Some, though not all, observers believe that even if no extension had been sought by July then as the end of 2020 approached the EU would still be amenable to doing so (just to avoid the disruption). Domestically, it might perhaps be dressed up in some face-saving language rather than being called a transition period extension. But it would certainly involve continued budget payments and, of course, continued adherence to EU rules and ECJ judgments but with very limited involvement or input from the UK. It is hard to see how such ‘vassal statehood’, to use Johnson’s term, could provoke anything but a major political crisis in the Tory Party.

A dystopian future

Yet, even assuming that an extension were agreed and the political crisis weathered, that would not solve anything. All of the same dilemmas and disputes would exist, just with a new deadline of whatever that might be. It’s perfectly possible that, by the time that next deadline got reached, some or most of them would still be unresolved and it would be extended yet again.

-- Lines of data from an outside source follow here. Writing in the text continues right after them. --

lemma hypot4_error:
  fixes u a b sxh syh sh s t1 t2 t c rho :: real
  assumes u: "0 \<le> u" "u \<le> 1/16" and ab: "a \<noteq> 0 \<or> b \<noteq> 0"
    and sxh: "rel_approx u sxh (a * a)" and syh: "rel_approx u syh (b * b)"
    and sh: "rel_approx u sh (sxh + syh)" and s: "rel_approx u s (sqrt sh)"
    and t1: "rel_approx u t1 ((a * a - sxh) + (b * b - syh))"
    and t2: "rel_approx u t2 ((sh - s^2) + (sxh + syh - sh))"
    and t: "rel_approx u t (t1 + t2)" and c: "rel_approx u c (t / s)"
    and rho: "rel_approx (u / (1 + u)) rho (c/2 + s)"
  shows "\<bar>rho / sqrt (a^2 + b^2) - 1\<bar> \<le> u + 7*u^2 + 100*u^3"
proof -
  \<comment> \<open>every step is homogeneous, so we may rescale to \<open>a\<^sup>2 + b\<^sup>2 = 1\<close>\<close>
  define S where "S = a^2 + b^2"
  define H where "H = sqrt S"
  have S: "0 < S" using ab by (simp add: S_def sum_power2_gt_zero_iff)
  then have H: "0 < H" "H * H = S" "H \<noteq> 0" "S \<noteq> 0" by (simp_all add: H_def)
  note scale_S = rel_approx_divide_iff[OF \<open>S \<noteq> 0\<close>] and
    scale_H = rel_approx_divide_iff[OF \<open>H \<noteq> 0\<close>]
  have "\<bar>rho / H - 1\<bar> \<le> u + 7*u^2 + 100*u^3"
  proof (rule hypot4_error_normalized[OF u])
    show "0 \<le> a * a / S" "0 \<le> b * b / S" "a * a / S + b * b / S = 1"
      using S ab by (simp_all add: S_def power2_eq_square add_divide_distrib[symmetric])
    show "rel_approx u (sxh / S) (a * a / S)" "rel_approx u (syh / S) (b * b / S)"
      "rel_approx u (sh / S) (sxh / S + syh / S)" "rel_approx u (t / S) (t1 / S + t2 / S)"
      "rel_approx u (t1 / S) ((a * a / S - sxh / S) + (b * b / S - syh / S))"
      using sxh syh sh t t1 by (simp_all add: scale_S flip: add_divide_distrib diff_divide_distrib)
    show "rel_approx u (t2 / S) ((sh / S - (s / H)^2) + (sxh / S + syh / S - sh / S))"
      using t2 H
      by (simp add: scale_S power_divide power2_eq_square flip: add_divide_distrib diff_divide_distrib)
    have "sqrt (sh / S) = sqrt sh / H" by (simp add: H_def real_sqrt_divide)
    then show "rel_approx u (s / H) (sqrt (sh / S))" using s by (simp add: scale_H)
    have "(t / S) / (s / H) = (t / s) / H" using H(1,3) by (simp flip: H(2))
    then show "rel_approx u (c / H) ((t / S) / (s / H))" using c by (simp only: scale_H)
    have "(c / H) / 2 + s / H = (c / 2 + s) / H" by (simp add: add_divide_distrib)
    then show "rel_approx (u / (1 + u)) (rho / H) ((c / H) / 2 + s / H)"
      using rho by (simp only: scale_H)
  qed
  then show ?thesis by (simp add: H_def S_def)
qed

At this distance in time it is impossible to predict what such a scenario would look like, but a reasonable guess is that by then the opposition parties will have re-grouped, and that there will be a vibrant campaign movement to re-join the EU. But the civil service will be in meltdown after years of having been asked to deliver an undeliverable policy. Many EU nationals will have left, along with many of those UK nationals with the skills and mobility to do so.  There will be (at very best) a stagnant economy, with a declining fiscal position and major labour shortages, especially in the NHS and social care.

As for leavers, by the time we get to this point I think they will have divided into three groups. One will vociferously insist that it would have been fine if only their various versions of ‘true Brexit’ had been followed. The second will be denying that they had ever supported Brexit at all. The third group will probably be supporting a new, more or less openly fascist, party.

This is the best case scenario, in that it’s based on the assumption of continued extension(s) of the transition period, and says nothing about whatever non-Brexit horrors lie in wait in terms of, for example, human rights legislation. Nor does it say anything about the other huge consequences of the election result in terms of the likely impetus to Scottish independence and Irish reunification. Both of those, whatever merits they may have for their advocates, imply ending up with an English nationalist fragment of what was once the United Kingdom.

This is the grim dystopia that the British electorate, as distilled by the absurdities of the British electoral system, has just voted for. The coming years are going to be very ugly indeed.